Problem J
Triangular Logs
The local forest has a lot of trees! Each tree is located at integer coordinates and has an integer height. Cutting down any tree gives you a log with a length equal to its height. You want to obtain three triangular logs (that is, three logs that form a non-degenerate triangle) by cutting down three trees.
Given a list of queries which each specify an axis-aligned rectangular region, can you obtain three triangular logs by cutting down three trees in that region, possibly including those on the boundary of the rectangle?
Input
The first line of input contains two integers $n$ and $q$ ($1 \le n,q \le 10^5$), where $n$ is the number of trees and $q$ is the number of queries.
Each of the next $n$ lines contains three integers $x$, $y$ and $h$ ($1 \le x,y,h \le 10^9$), which describes a tree at location ($x,y$) with height $h$. All tree locations are distinct.

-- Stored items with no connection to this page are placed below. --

theorem theorem4:
  fixes \<delta> :: "'m::finite \<Rightarrow> nat"
    and \<sigma> :: "'m \<Rightarrow> nat \<Rightarrow> real"
    and G :: "'m \<Rightarrow> real ^ 'm \<Rightarrow> real"
    and yhat :: "'m \<times> nat \<Rightarrow> real"
    and Z :: "'m set"
  assumes sigma_juv: "\<And>i a. a < \<delta> i \<Longrightarrow> 0 < \<sigma> i a \<and> \<sigma> i a \<le> 1"
    and sigma_ad: "\<And>i. 0 < \<sigma> i (\<delta> i) \<and> \<sigma> i (\<delta> i) < 1"
    and G_diff: "\<And>i x. G i differentiable (at x)"
    and equil: "\<forall>p \<in> Idx \<delta>. hmap \<delta> \<sigma> G yhat p = yhat p"
    and Z_ne: "Z \<noteq> {}"
    and x_Z: "\<forall>i \<in> Z. adults \<delta> yhat $ i = 0"
    and x_pos: "\<forall>i. i \<notin> Z \<longrightarrow> adults \<delta> yhat $ i > 0"
    and xG: "\<forall>i. adults \<delta> yhat $ i = 0 \<longrightarrow> adults \<delta> yhat $ i * G i (adults \<delta> yhat) = 0"
    and rho_bullet: "Z \<noteq> UNIV \<Longrightarrow>
       spec_rad_on {(i, a) \<in> Idx \<delta>. i \<notin> Z} (jac \<delta> \<sigma> G yhat) < 1"
    and cond: "\<forall>i \<in> Z. \<bar>G i (adults \<delta> yhat)\<bar> * (\<Prod>a<\<delta> i. \<sigma> i a) < 1 - \<sigma> i (\<delta> i)"
  shows "spec_rad_on (Idx \<delta>) (jac \<delta> \<sigma> G yhat) < 1"
proof (rule spec_rad_on_less_1_by_restriction[OF finite_Idx])
  show "Idx \<delta> \<noteq> {}" and "{(i, a) \<in> Idx \<delta>. i \<notin> Z} \<subseteq> Idx \<delta>"
    by (auto simp: Idx_def)
  show "spec_rad_on {(i, a) \<in> Idx \<delta>. i \<notin> Z} (jac \<delta> \<sigma> G yhat) < 1"
    if "{(i, a) \<in> Idx \<delta>. i \<notin> Z} \<noteq> {}"
    using rho_bullet that by auto
  fix v l
  assume eigen: "eigenvector_on (Idx \<delta>) (jac \<delta> \<sigma> G yhat) v l"
    and "\<exists>p\<in>Idx \<delta> - {(i, a) \<in> Idx \<delta>. i \<notin> Z}. v p \<noteq> 0"
  then obtain i where "i \<in> Z" and nonzero: "\<exists>a\<le>\<delta> i. v (i, a) \<noteq> 0"
    by (auto simp: Idx_def)
  show "cmod l < 1"
  proof (rule eigenvalue_norm_less_1_extinct_species[OF eigen nonzero G_diff])
    show "yhat (i, \<delta> i) = 0"
      using x_Z \<open>i \<in> Z\<close> by (simp add: adults_def)
    show "0 \<le> \<sigma> i a" if "a \<le> \<delta> i" for a
      using that sigma_juv[of a i] sigma_ad[of i] by (cases "a = \<delta> i") auto
    show "\<bar>G i (adults \<delta> yhat)\<bar> * (\<Prod>a<\<delta> i. \<sigma> i a) < 1 - \<sigma> i (\<delta> i)"
      using cond \<open>i \<in> Z\<close> by blast
  qed
qed

end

Each of the next $q$ lines contains four integers $x_{low}$, $y_{low}$, $x_{high}$ and $y_{high}$ ($1 \le x_{low} \le x_{high} \le 10^9$, $1 \le y_{low} \le y_{high} \le 10^9$), describing an axis-aligned rectangular region for a query.
Output
Output $q$ lines. Each line contains a single integer, which is the answer to the given query. Output 1 if there are three trees in the queried region that can form a non-degenerate triangle, and 0 otherwise. Output answers to the queries in the order of the input.
Sample Input 1 | Sample Output 1 |
---|---|
9 5 1 3 3 2 3 1 3 3 4 1 2 1 2 2 5 3 2 9 1 1 2 2 1 6 3 1 5 1 1 1 2 1 1 2 2 1 1 1 3 1 2 3 2 1 1 3 3 |
0 1 0 0 1 |